United National Party (UNP) Leader Ranil Wickremesinghe, who attended a gathering of the relatives and friends of missing persons, in Colombo on April 9, charged that the ruling United Peoples' Freedom Alliance (UPFA) regime was responsible for the bad reputation of the Sri Lankan state's Human Rights record.
"The attitude that, if a war is to be waged, all Tamils should be annihilated prevails in Sri Lanka," Mr. Wickremesinghe said.
"All political parties should unite in safeguarding the human rights of all people," he said. "The situation, if allowed to continue, would tarnish the entire image of Sri Lanka."
"We hear that persons abducted from Colombo and its suburbs are being held in Polonnaruwa. The United National Party would not hesitate to do what it can to trace the places where the abducted persons are said to be held," Mr. Wickremesinghe said.
Eighty-eight people have been either abducted or gone missing since August 2006, the Civil Monitoring Committee (CMC), an ongoing initiative by a few involved politicians to monitor involuntary disappearances, abduction, extra judicial killings and arbitrary arrests and detentions in Sri Lanka, noted at the gathering.

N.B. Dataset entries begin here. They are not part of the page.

text \<open>The space R^(P - P*) is represented as the linear subspace of 'a \<Rightarrow> real
  of functions vanishing outside P - P*.\<close>

definition coord_space :: "'a set \<Rightarrow> ('a \<Rightarrow> real) set" where
  "coord_space U = {x. \<forall>a. a \<notin> U \<longrightarrow> x a = 0}"

definition marked_order_polytope ::
  "'a set \<Rightarrow> ('a \<times> 'a) set \<Rightarrow> 'a set \<Rightarrow> ('a \<Rightarrow> real) \<Rightarrow> ('a \<Rightarrow> real) set" where
  "marked_order_polytope P R Pstar lam =
     {x \<in> coord_space (P - Pstar).
        \<forall>p q. covers P R p q \<longrightarrow>
          (if p \<in> Pstar then lam p else x p) \<le> (if q \<in> Pstar then lam q else x q)}"

definition interior_in_coords :: "'a set \<Rightarrow> ('a \<Rightarrow> real) set \<Rightarrow> ('a \<Rightarrow> real) set" where
  "interior_in_coords U K = (subtopology euclidean (coord_space U)) interior_of K"

definition lattice_points :: "'a set \<Rightarrow> ('a \<Rightarrow> real) set" where
  "lattice_points U = {x \<in> coord_space U. \<forall>a\<in>U. x a \<in> \<int>}"

end

(* The rank point lies in the interior: every covering inequality has slack r q - r p = 1
   there, so moving each free coordinate by less than 1/2 stays inside the polytope.
   Conversely, at an interior point x every covering inequality involving a free coordinate
   is strict, for otherwise a small shift of that coordinate leaves the polytope. If x is also
   integral, its extension x' by the marking increases by at least 1 along every cover, so
   x' - r is weakly increasing along covers. Every element of a finite poset lies above a
   minimal and below a maximal element, where x' - r vanishes; hence x' = r. *)
theory Submission
  imports Defs
begin

lemma maximal_elems_eq_minimal_elems_converse: "maximal_elems P R = minimal_elems P (R\<inverse>)"
  unfolding minimal_elems_def maximal_elems_def by auto

lemma mono_if_mono_on_covers:
  fixes g :: "'a \<Rightarrow> 'b::preorder"
  assumes fin: "finite P" and po: "partial_order_on P R"
    and mono: "\<And>p q. covers P R p q \<Longrightarrow> g p \<le> g q"
    and "(p, q) \<in> R"
  shows "g p \<le> g q"
  using \<open>(p, q) \<in> R\<close>
proof (induction "card {w\<in>P. (p, w) \<in> R \<and> (w, q) \<in> R}" arbitrary: p q rule: less_induct)
  case less
  have refl: "refl_on P R" and trans: "trans R" and antisym: "antisym R" and "R \<subseteq> P \<times> P"
    using partial_order_onD[OF po] by auto
  then have "p \<in> P" "q \<in> P"
    using less.prems by auto
  then consider "p = q" | "covers P R p q"
    | z where "z \<in> P" "z \<noteq> p" "z \<noteq> q" "(p, z) \<in> R" "(z, q) \<in> R"
    using less.prems unfolding covers_def by blast
  then show ?case
  proof cases
    case 3
    let ?I = "\<lambda>a b. {w\<in>P. (a, w) \<in> R \<and> (w, b) \<in> R}"
    have "?I p z \<subset> ?I p q" "?I z q \<subset> ?I p q"
      using 3 less.prems \<open>p \<in> P\<close> \<open>q \<in> P\<close> refl trans antisym
      unfolding refl_on_def trans_def antisym_def by blast+
    then have "card (?I p z) < card (?I p q)" "card (?I z q) < card (?I p q)"
      using fin by (simp_all add: psubset_card_mono)
    then have "g p \<le> g z" "g z \<le> g q"
      using less.hyps 3 by blast+
    then show ?thesis
      by (rule order_trans)
  qed (use mono in auto)
qed

lemma exists_minimal_elem_below:
  assumes fin: "finite P" and po: "partial_order_on P R" and "p \<in> P"
  shows "\<exists>m\<in>minimal_elems P R. (m, p) \<in> R"
proof -
  have refl: "refl_on P R" and trans: "trans R" and "R \<subseteq> P \<times> P"
    using partial_order_onD[OF po] by auto
  then have "finite R"
    using fin finite_subset by blast
  then have wf: "wf (R - Id)"
    using partial_order_on_well_order_on po by blast
  have "p \<in> {w\<in>P. (w, p) \<in> R}"
    using \<open>p \<in> P\<close> refl unfolding refl_on_def by blast
  then obtain m where m: "m \<in> {w\<in>P. (w, p) \<in> R}"
    and least: "\<And>y. (y, m) \<in> R - Id \<Longrightarrow> y \<notin> {w\<in>P. (w, p) \<in> R}"
    by (rule wfE_min[OF wf]) blast
  have "m \<in> minimal_elems P R"
    unfolding minimal_elems_def
  proof (intro CollectI conjI notI)
    show "m \<in> P"
      using m by simp
    assume "\<exists>q\<in>P. q \<noteq> m \<and> (q, m) \<in> R"
    then obtain q where "q \<in> P" "q \<noteq> m" "(q, m) \<in> R"
      by blast
    moreover have "(q, p) \<in> R"
      using trans \<open>(q, m) \<in> R\<close> m unfolding trans_def by blast
    ultimately show False
      using least[of q] by blast
  qed
  then show ?thesis
    using m by blast
qed

lemma const_if_mono_on_covers_const_on_extremal:
  fixes g :: "'a \<Rightarrow> 'b::order"
  assumes fin: "finite P" and po: "partial_order_on P R"
    and mono: "\<And>p q. covers P R p q \<Longrightarrow> g p \<le> g q"
    and extremal: "\<And>a. a \<in> minimal_elems P R \<union> maximal_elems P R \<Longrightarrow> g a = c"
    and "p \<in> P"
  shows "g p = c"
proof -
  obtain m where "m \<in> minimal_elems P R" "(m, p) \<in> R"
    using exists_minimal_elem_below[OF fin po \<open>p \<in> P\<close>] by blast
  then have "c \<le> g p"
    using mono_if_mono_on_covers[OF fin po mono] extremal by fastforce
  obtain M where "M \<in> maximal_elems P R" "(p, M) \<in> R"
    using exists_minimal_elem_below[of P "R\<inverse>"] fin po \<open>p \<in> P\<close>
    by (auto simp: maximal_elems_eq_minimal_elems_converse)
  then have "g p \<le> c"
    using mono_if_mono_on_covers[OF fin po mono] extremal by fastforce
  with \<open>c \<le> g p\<close> show ?thesis
    by simp
qed

lemma open_contains_coordinate_perturbations:
  fixes W :: "('a \<Rightarrow> real) set"
  assumes "open W" "x \<in> W"
  obtains e where "e > 0" "\<And>d. \<bar>d\<bar> < e \<Longrightarrow> x(a := x a + d) \<in> W"
proof -
  have "continuous_on UNIV (\<lambda>d::real. x(a := x a + d))"
  proof (rule continuous_on_coordinatewise_then_product)
    show "continuous_on UNIV (\<lambda>d::real. (x(a := x a + d)) i)" for i
      by (cases "i = a") (auto intro!: continuous_intros)
  qed
  then have "open ((\<lambda>d::real. x(a := x a + d)) -` W)"
    using open_vimage[OF \<open>open W\<close>] by blast
  moreover have "0 \<in> (\<lambda>d::real. x(a := x a + d)) -` W"
    using \<open>x \<in> W\<close> by simp
  ultimately obtain e where "e > 0" "ball 0 e \<subseteq> (\<lambda>d::real. x(a := x a + d)) -` W"
    using openE by blast
  then show ?thesis
    using that by (auto simp: dist_real_def subset_iff)
qed

lemma Ints_less_imp_add_one_le:
  fixes a b :: "'a::linordered_idom"
  assumes "a \<in> \<int>" "b \<in> \<int>" "a < b"
  shows "a + 1 \<le> b"
proof -
  obtain m n where "a = of_int m" "b = of_int n"
    using assms(1,2) by (elim Ints_cases)
  with assms(3) have "m + 1 \<le> n"
    by simp
  then show ?thesis
    using \<open>a = of_int m\<close> \<open>b = of_int n\<close> by (metis of_int_1 of_int_add of_int_le_iff)
qed

definition extend_marked :: "'a set \<Rightarrow> ('a \<Rightarrow> real) \<Rightarrow> ('a \<Rightarrow> real) \<Rightarrow> 'a \<Rightarrow> real" where
  "extend_marked Pstar lam x a = (if a \<in> Pstar then lam a else x a)"

lemma mem_marked_order_polytope:
  "x \<in> marked_order_polytope P R Pstar lam \<longleftrightarrow> x \<in> coord_space (P - Pstar) \<and>
     (\<forall>p q. covers P R p q \<longrightarrow> extend_marked Pstar lam x p \<le> extend_marked Pstar lam x q)"
  unfolding marked_order_polytope_def extend_marked_def by blast

lemma interior_marked_order_polytope_strict:
  assumes x: "x \<in> interior_in_coords (P - Pstar) (marked_order_polytope P R Pstar lam)"
    and pq: "covers P R p q" and unmarked: "p \<notin> Pstar \<or> q \<notin> Pstar"
  shows "extend_marked Pstar lam x p < extend_marked Pstar lam x q"
proof -
  let ?S = "coord_space (P - Pstar)" and ?K = "marked_order_polytope P R Pstar lam"
  obtain W where W: "open W" "x \<in> W \<inter> ?S" "W \<inter> ?S \<subseteq> ?K"
    using x unfolding interior_in_coords_def interior_of_def openin_subtopology by auto
  have shift: "\<exists>e>0. x(a := x a + e) \<in> ?K \<and> x(a := x a - e) \<in> ?K" if "a \<in> P - Pstar" for a
  proof -
    obtain e where "e > 0" "\<And>d. \<bar>d\<bar> < e \<Longrightarrow> x(a := x a + d) \<in> W"
      using open_contains_coordinate_perturbations[OF W(1)] W(2) by blast
    moreover have "x(a := x a + d) \<in> ?S" for d
      using W(2) that unfolding coord_space_def by auto
    ultimately have "x(a := x a + d) \<in> ?K" if "\<bar>d\<bar> < e" for d
      using W(3) that by blast
    from this[of "e/2"] this[of "- (e/2)"] \<open>e > 0\<close> show ?thesis
      by (intro exI[of _ "e/2"]) auto
  qed
  have "p \<in> P" "q \<in> P" "p \<noteq> q"
    using pq unfolding covers_def by auto
  have cover_le: "extend_marked Pstar lam y p \<le> extend_marked Pstar lam y q" if "y \<in> ?K" for y
    using that pq unfolding mem_marked_order_polytope by blast
  from unmarked show ?thesis
  proof
    assume "p \<notin> Pstar"
    then obtain e where "e > 0" "x(p := x p + e) \<in> ?K"
      using shift \<open>p \<in> P\<close> by blast
    with cover_le \<open>p \<notin> Pstar\<close> \<open>p \<noteq> q\<close> show ?thesis
      unfolding extend_marked_def by fastforce
  next
    assume "q \<notin> Pstar"
    then obtain e where "e > 0" "x(q := x q - e) \<in> ?K"
      using shift \<open>q \<in> P\<close> by blast
    with cover_le \<open>q \<notin> Pstar\<close> \<open>p \<noteq> q\<close> show ?thesis
      unfolding extend_marked_def by fastforce
  qed
qed

lemma interior_marked_order_polytope_if_slack:
  assumes fin: "finite (P - Pstar)"
    and x: "x \<in> marked_order_polytope P R Pstar lam" and "\<delta> > 0"
    and slack: "\<And>p q. covers P R p q \<Longrightarrow> p \<notin> Pstar \<or> q \<notin> Pstar \<Longrightarrow>
                  extend_marked Pstar lam x p + \<delta> \<le> extend_marked Pstar lam x q"
  shows "x \<in> interior_in_coords (P - Pstar) (marked_order_polytope P R Pstar lam)"
proof -
  let ?S = "coord_space (P - Pstar)" and ?K = "marked_order_polytope P R Pstar lam"
  define V where "V = (\<Inter>a\<in>P - Pstar. {y. \<bar>y a - x a\<bar> < \<delta>/2})"
  have "open {y::'a \<Rightarrow> real. \<bar>y a - x a\<bar> < \<delta>/2}" for a
    by (intro open_Collect_less continuous_intros continuous_on_product_coordinates)
  then have "open V"
    unfolding V_def using fin by blast
  have "V \<inter> ?S \<subseteq> ?K"
  proof
    fix y assume y: "y \<in> V \<inter> ?S"
    have close: "\<bar>extend_marked Pstar lam y a - extend_marked Pstar lam x a\<bar> < \<delta>/2"
      if "a \<in> P" for a
      using y that \<open>\<delta> > 0\<close> unfolding V_def extend_marked_def by auto
    show "y \<in> ?K"
      unfolding mem_marked_order_polytope
    proof (intro conjI allI impI)
      fix p q assume pq: "covers P R p q"
      then have "p \<in> P" "q \<in> P"
        unfolding covers_def by auto
      show "extend_marked Pstar lam y p \<le> extend_marked Pstar lam y q"
      proof (cases "p \<notin> Pstar \<or> q \<notin> Pstar")
        case True
        then show ?thesis
          using slack[OF pq True] close[OF \<open>p \<in> P\<close>] close[OF \<open>q \<in> P\<close>] by linarith
      next
        case False
        then have "extend_marked Pstar lam y p = extend_marked Pstar lam x p"
          "extend_marked Pstar lam y q = extend_marked Pstar lam x q"
          unfolding extend_marked_def by auto
        then show ?thesis
          using x pq unfolding mem_marked_order_polytope by auto
      qed
    qed (use y in blast)
  qed
  moreover have "openin (subtopology euclidean ?S) (V \<inter> ?S)"
    using \<open>open V\<close> by (auto simp: openin_subtopology)
  moreover have "x \<in> V \<inter> ?S"
    using x \<open>\<delta> > 0\<close> unfolding V_def mem_marked_order_polytope by auto
  ultimately show ?thesis
    unfolding interior_in_coords_def using interior_of_maximal by blast
qed

lemma rank_point_mem_interior:
  assumes "finite P" and rank: "is_rank_function P R r"
  shows "(\<lambda>a. if a \<in> P - Pstar then real_of_int (r a) else 0)
           \<in> interior_in_coords (P - Pstar)
                (marked_order_polytope P R Pstar (\<lambda>a. real_of_int (r a)))"
proof (rule interior_marked_order_polytope_if_slack[where \<delta> = 1])
  let ?r = "extend_marked Pstar (\<lambda>a. real_of_int (r a))
             (\<lambda>a. if a \<in> P - Pstar then real_of_int (r a) else 0)"
  have "?r a = r a" if "a \<in> P" for a
    using that unfolding extend_marked_def by simp
  moreover have "p \<in> P \<and> q \<in> P \<and> r p = r q - 1" if "covers P R p q" for p q
    using that rank unfolding is_rank_function_def covers_def by blast
  ultimately show step: "?r p + 1 \<le> ?r q" if "covers P R p q" for p q
    using that by force
  have "?r p \<le> ?r q" if "covers P R p q" for p q
    using step[OF that] by linarith
  then show "(\<lambda>a. if a \<in> P - Pstar then real_of_int (r a) else 0)
      \<in> marked_order_polytope P R Pstar (\<lambda>a. real_of_int (r a))"
    unfolding mem_marked_order_polytope coord_space_def by simp
qed (use assms(1) in simp_all)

"The President of Sri Lanka has chosen to dismiss the present disappearances as not worthy of local and international attention," said a resolution passed by the gathering.
“We consider human lives as sacred and that no one, irrespective of their ethnicity, religion, caste, social status etc., deserves to be "disappeared",” the resolution said.
“We are particularly pained at the inability or unwillingness of the government to adequately investigate this situation and their rejection of our efforts and those of local and international groups trying to help us.”
CMC chairman Sirithunga Jayasooriya, Jaffna district Tamil National Alliance (TNA) parliamentarian Suresh Premachandran, UNP parliamentarians John Amarathunge and Ravi Karunanayakke, CMC convenor and Western People's Front leader and parliamentarian Mano Ganeshan, and others spoke at the confluence attended by hundreds of relatives and friends of persons abducted or missing.